# catfish id



## TheBanker (Jun 14, 2008)

i know this isn't planetcatfish.com , but i still haven't receieved my confirmation email, so if any of you catfish experts could chime in that would be nice.

sorry for pic quality


















a description...jet black, with a tan/orange color on the tip of the fins. aprox. 2.5 inches


----------



## toddnbecka (Oct 23, 2004)

Yep, it's a catfish :drooling: A Synodontis of some sort, color and markings may change as it grows.


----------



## exasperatus2002 (Jul 5, 2003)

Looks like S. bastiani to me.


----------



## TheBanker (Jun 14, 2008)

thanks for the replies, second forum to say its a Synodontis.
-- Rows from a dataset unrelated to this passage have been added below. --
lemma gU_in_rel_interior_near:
  assumes M: "C1_submanifold M" and "xbar \<in> M"
    and "C1_partly_smooth_around f M xbar"
    and ri: "0 \<in> rel_interior (limiting_subdiff f xbar)"
  shows "\<exists>d>0. \<forall>x\<in>M. dist x xbar < d \<longrightarrow> gU f x \<in> rel_interior (limiting_subdiff f x)"
proof -
  obtain d0 where "d0 > 0" and ps: "\<And>x. x \<in> M \<Longrightarrow> dist x xbar < d0 \<Longrightarrow> partly_smooth_at f M x"
    using assms(3) unfolding C1_partly_smooth_around_def by blast
  define B where "B = {x \<in> M. dist x xbar < d0 \<and> gU f x \<notin> rel_interior (limiting_subdiff f x)}"
  have "xbar \<notin> closure B"
  proof
    assume "xbar \<in> closure B"
    then obtain xs where "\<And>r. xs r \<in> B" "xs \<longlonglongrightarrow> xbar" by (meson closure_sequential)
    then show False
      using ex_gU_in_rel_interior_along_sequence[OF M ps[OF \<open>xbar \<in> M\<close>] ri] \<open>d0 > 0\<close> ps
      unfolding B_def by auto
  qed
  then obtain d1 where "d1 > 0" and d1: "\<And>x. x \<in> B \<Longrightarrow> d1 \<le> dist x xbar"
    by (meson closure_approachable not_le)
  have "gU f x \<in> rel_interior (limiting_subdiff f x)" if "x \<in> M" "dist x xbar < min d0 d1" for x
    using that d1[of x] unfolding B_def by auto
  then show ?thesis using \<open>d0 > 0\<close> \<open>d1 > 0\<close> by (intro exI[of _ "min d0 d1"]) auto
qed
(* Consider the following cutting-plane algorithm for $\min_{\mathbf{x}\in\mathcal{X}}\Phi_R(\mathbf{x})$ with tolerance $\epsilon\ge0$. Initialize $L=1$, $\theta^{lb}=-\infty$, $\theta^{ub}=+\infty$, and pick $\hat{\mathbf{x}}^1\in\mathcal{X}$; the cut set is initially empty. While $\theta^{ub}-\theta^{lb}>\epsilon$: set $\hat{\mathbf x}=\hat{\mathbf x}^L$; for each $\omega\in\Omega$ compute an optimal solution $\hat{\mathbf S}^\omega$ of the problem defining $Q_\omega(\hat{\mathbf x})$; compute $(\hat p_\omega)\in\arg\min_{P\in\mathfrak P}\sum_\omega p_\omega f^\omega(\hat{\mathbf S}^\omega)$ and $\Phi_R(\hat{\mathbf x})=\sum_\omega\hat p_\omega f^\omega(\hat{\mathbf S}^\omega)$; if $\Phi_R(\hat{\mathbf x})<\theta^{ub}$ set $\theta^{ub}=\Phi_R(\hat{\mathbf x})$ and $\mathbf x^*=\hat{\mathbf x}$; add the cut $\eta\ge\Phi_R(\hat{\mathbf x})-\sum_{q=1}^k\sum_{i\in N}c_{q,i}(\hat{\mathbf x})x_{q,i}$ with $c_{q,i}(\hat{\mathbf x})=\max_{P\in\mathfrak P}\sum_\omega p_\omega\rho^\omega_{q,i}(\boldsymbol\emptyset)\hat y^\omega_{q,i}\xi^\omega_i$; solve the master problem $\min\{\eta:\mathbf x\in\mathcal X,\ \eta\in\mathbb R,\ (\eta,\mathbf x)\text{ satisfies all cuts added so far}\}$ exactly, obtaining $(\eta^{L+1},\hat{\mathbf x}^{L+1})$; set $\theta^{lb}=\eta^{L+1}$ and $L\leftarrow L+1$. Assuming every subproblem (each $Q_\omega$, each optimization over $\mathfrak P$, and each master problem) is solved exactly, the algorithm terminates after finitely many iterations, and upon termination $\theta^{ub}=\Phi_R(\mathbf x^* )\le\min_{\mathbf x\in\mathcal X}\Phi_R(\mathbf x)+\epsilon$; in particular, with $\epsilon=0$ it returns a globally optimal solution $\mathbf x^*$ of $\min_{\mathbf x\in\mathcal X}\Phi_R(\mathbf x)$.
   Context: Let $n,k$ be positive integers, $N=\{1,\dots,n\}$, and $\mathbb{X}(N,k)$ the set of $k$-tuples $\mathbf{S}=(S_1,\dots,S_k)$ of pairwise disjoint subsets of $N$, identified with $\mathbf{s}\in\{0,1\}^{kn}$ via $s_{q,i}=1$ iff $i\in S_q$. A function $f:\mathbb{X}(N,k)\to\mathbb{R}$ is $k$-submodular if $f(\mathbf{X})+f(\mathbf{Y})\ge f(\mathbf{X}\sqcap\mathbf{Y})+f(\mathbf{X}\sqcup\mathbf{Y})$, where $\mathbf{X}\sqcap\mathbf{Y}=(X_q\cap Y_q)_q$ and the $i$-th component of $\mathbf{X}\sqcup\mathbf{Y}$ is $(X_i\cup Y_i)\setminus\bigcup_{q\ne i}(X_q\cup Y_q)$; monotone if $f(\mathbf X)\le f(\mathbf Y)$ whenever $X_q\subseteq Y_q$ for all $q$. $\Omega$ is a finite scenario set; for each $\omega$ we have $\xi^\omega\in\{0,1\}^n$ and a monotone $k$-submodular $f^\omega$ with marginal gains $\rho^\omega_{q,i}(\mathbf{X})=f^\omega(X_1,\dots,X_q\cup\{i\},\dots,X_k)-f^\omega(\mathbf{X})$ for $i\notin\bigcup_rX_r$; $\boldsymbol\emptyset=(\emptyset,\dots,\emptyset)$. With nonnegative integer budgets $A_q,D_q$: $\mathcal{X}=\{\mathbf{x}\in\{0,1\}^{kn}:\sum_i x_{q,i}\le A_q\ \forall q,\ \sum_q x_{q,i}\le1\ \forall i\}$; $Q_\omega(\mathbf x)=\max\{f^\omega(\mathbf S):\mathbf S\in\mathbb X(N,k),\ s_{q,i}\le1-x_{q,i}\xi^\omega_i\ \forall q,i,\ \sum_i s_{q,i}\le D_q\ \forall q\}$. $\mathfrak P$ is a nonempty compact set of probability distributions $(p_\omega)_{\omega\in\Omega}$, and $\Phi_R(\mathbf x)=\min_{P\in\mathfrak P}\sum_\omega p_\omega Q_\omega(\mathbf x)$. $\hat y^\omega_{q,i}=1$ if $i\in\hat S^\omega_q$ and $0$ otherwise. *)

theory Defs
  imports "HOL-Analysis.Analysis"
begin

text \<open>The 0/1 vector s is s_{q,i} = 1 iff i \<in> S q.\<close>

definition kset :: "nat \<Rightarrow> nat \<Rightarrow> (nat \<Rightarrow> nat set) set" where
  "kset n k = {S. (\<forall>q. S q \<subseteq> (if q \<in> {1..k} then {1..n} else {})) \<and>
                  (\<forall>q r. q \<noteq> r \<longrightarrow> S q \<inter> S r = {})}"

definition kinf :: "(nat \<Rightarrow> nat set) \<Rightarrow> (nat \<Rightarrow> nat set) \<Rightarrow> (nat \<Rightarrow> nat set)" where
  "kinf X Y = (\<lambda>q. X q \<inter> Y q)"

definition ksup :: "nat \<Rightarrow> (nat \<Rightarrow> nat set) \<Rightarrow> (nat \<Rightarrow> nat set) \<Rightarrow> (nat \<Rightarrow> nat set)" where
  "ksup k X Y = (\<lambda>q. if q \<in> {1..k}
       then (X q \<union> Y q) - (\<Union>r\<in>{1..k} - {q}. X r \<union> Y r) else {})"

definition k_submodular :: "nat \<Rightarrow> nat \<Rightarrow> ((nat \<Rightarrow> nat set) \<Rightarrow> real) \<Rightarrow> bool" where
  "k_submodular n k f \<longleftrightarrow> (\<forall>X\<in>kset n k. \<forall>Y\<in>kset n k.
       f X + f Y \<ge> f (kinf X Y) + f (ksup k X Y))"

definition k_monotone :: "nat \<Rightarrow> nat \<Rightarrow> ((nat \<Rightarrow> nat set) \<Rightarrow> real) \<Rightarrow> bool" where
  "k_monotone n k f \<longleftrightarrow> (\<forall>X\<in>kset n k. \<forall>Y\<in>kset n k.
       (\<forall>q. X q \<subseteq> Y q) \<longrightarrow> f X \<le> f Y)"

definition empty_tuple :: "nat \<Rightarrow> nat set" where
  "empty_tuple = (\<lambda>q. {})"

definition rho :: "((nat \<Rightarrow> nat set) \<Rightarrow> real) \<Rightarrow> nat \<Rightarrow> nat \<Rightarrow> (nat \<Rightarrow> nat set) \<Rightarrow> real" where
  "rho f q i X = f (X(q := X q \<union> {i})) - f X"

text \<open>The first-stage feasible set \<X> (x identified with a k-tuple X of disjoint sets)\<close>
definition Xset :: "nat \<Rightarrow> nat \<Rightarrow> (nat \<Rightarrow> nat) \<Rightarrow> (nat \<Rightarrow> nat set) set" where
  "Xset n k A = {X \<in> kset n k. \<forall>q\<in>{1..k}. card (X q) \<le> A q}"

text \<open>Feasible set of the subproblem defining Q_omega(x); xi :: nat => bool is xi^omega\<close>
definition Qfeas :: "nat \<Rightarrow> nat \<Rightarrow> (nat \<Rightarrow> nat) \<Rightarrow> (nat \<Rightarrow> bool) \<Rightarrow> (nat \<Rightarrow> nat set)
     \<Rightarrow> (nat \<Rightarrow> nat set) set" where
  "Qfeas n k D xi X = {S \<in> kset n k.
      (\<forall>q\<in>{1..k}. \<forall>i\<in>{1..n}. i \<in> S q \<longrightarrow> \<not> (i \<in> X q \<and> xi i)) \<and>
      (\<forall>q\<in>{1..k}. card (S q) \<le> D q)}"

definition Qval :: "nat \<Rightarrow> nat \<Rightarrow> (nat \<Rightarrow> nat) \<Rightarrow> (nat \<Rightarrow> bool) \<Rightarrow> ((nat \<Rightarrow> nat set) \<Rightarrow> real)
     \<Rightarrow> (nat \<Rightarrow> nat set) \<Rightarrow> real" where
  "Qval n k D xi f X = Max (f ` Qfeas n k D xi X)"

definition prob_dists :: "('w::finite \<Rightarrow> real) set" where
  "prob_dists = {p. (\<forall>w. 0 \<le> p w) \<and> sum p UNIV = 1}"

definition PhiR :: "nat \<Rightarrow> nat \<Rightarrow> (nat \<Rightarrow> nat) \<Rightarrow> ('w::finite \<Rightarrow> nat \<Rightarrow> bool)
     \<Rightarrow> ('w \<Rightarrow> (nat \<Rightarrow> nat set) \<Rightarrow> real) \<Rightarrow> ('w \<Rightarrow> real) set \<Rightarrow> (nat \<Rightarrow> nat set) \<Rightarrow> real" where
  "PhiR n k D xi f PP X = (INF p\<in>PP. \<Sum>w\<in>UNIV. p w * Qval n k D (xi w) (f w) X)"

text \<open>A run is described by: xh L = x-hat^L (L \<ge> 1), Sh L w = S-hat^w computed in
  iteration L, ph L = p-hat computed in iteration L, eta L = eta^{L+1} computed
  by the master problem in iteration L.\<close>

definition Phival :: "('w::finite \<Rightarrow> (nat \<Rightarrow> nat set) \<Rightarrow> real) \<Rightarrow> (nat \<Rightarrow> 'w \<Rightarrow> real)
     \<Rightarrow> (nat \<Rightarrow> 'w \<Rightarrow> nat \<Rightarrow> nat set) \<Rightarrow> nat \<Rightarrow> real" where
  "Phival f ph Sh L = (\<Sum>w\<in>UNIV. ph L w * f w (Sh L w))"

text \<open>theta^ub, x^* and theta^lb after m completed iterations\<close>
fun theta_ub :: "('w::finite \<Rightarrow> (nat \<Rightarrow> nat set) \<Rightarrow> real) \<Rightarrow> (nat \<Rightarrow> 'w \<Rightarrow> real)
     \<Rightarrow> (nat \<Rightarrow> 'w \<Rightarrow> nat \<Rightarrow> nat set) \<Rightarrow> nat \<Rightarrow> ereal" where
  "theta_ub f ph Sh 0 = \<infinity>"
| "theta_ub f ph Sh (Suc m) =
     (if ereal (Phival f ph Sh (Suc m)) < theta_ub f ph Sh m
      then ereal (Phival f ph Sh (Suc m)) else theta_ub f ph Sh m)"

fun xstar :: "('w::finite \<Rightarrow> (nat \<Rightarrow> nat set) \<Rightarrow> real) \<Rightarrow> (nat \<Rightarrow> 'w \<Rightarrow> real)
     \<Rightarrow> (nat \<Rightarrow> 'w \<Rightarrow> nat \<Rightarrow> nat set) \<Rightarrow> (nat \<Rightarrow> nat \<Rightarrow> nat set) \<Rightarrow> nat \<Rightarrow> (nat \<Rightarrow> nat set)" where
  "xstar f ph Sh xh 0 = undefined"
| "xstar f ph Sh xh (Suc m) =
     (if ereal (Phival f ph Sh (Suc m)) < theta_ub f ph Sh m
      then xh (Suc m) else xstar f ph Sh xh m)"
The S. bastiani has one photo that kind of looks like it. But mines has no markings, its just all black. Maybe that'll change when it bigger. thanks for helping,

Anyone else know anything?


----------



## Guest (Aug 28, 2008)

I'd ask this on Planetcatfish.com. They will be able to give you a 100% accurate identification...


----------



## exasperatus2002 (Jul 5, 2003)

I used planet catfish for my opinion. They show several pics of each species and there were 2 dark versions on there that look like your cat.


----------



## TheBanker (Jun 14, 2008)

Marduk said:


> I'd ask this on Planetcatfish.com. They will be able to give you a 100% accurate identification...


there taking forever to confirm my account or whateva it is they do so you could start posting.


----------



## jordanroda (May 4, 2006)

never seen that syno!
looks nice... :thumb:


----------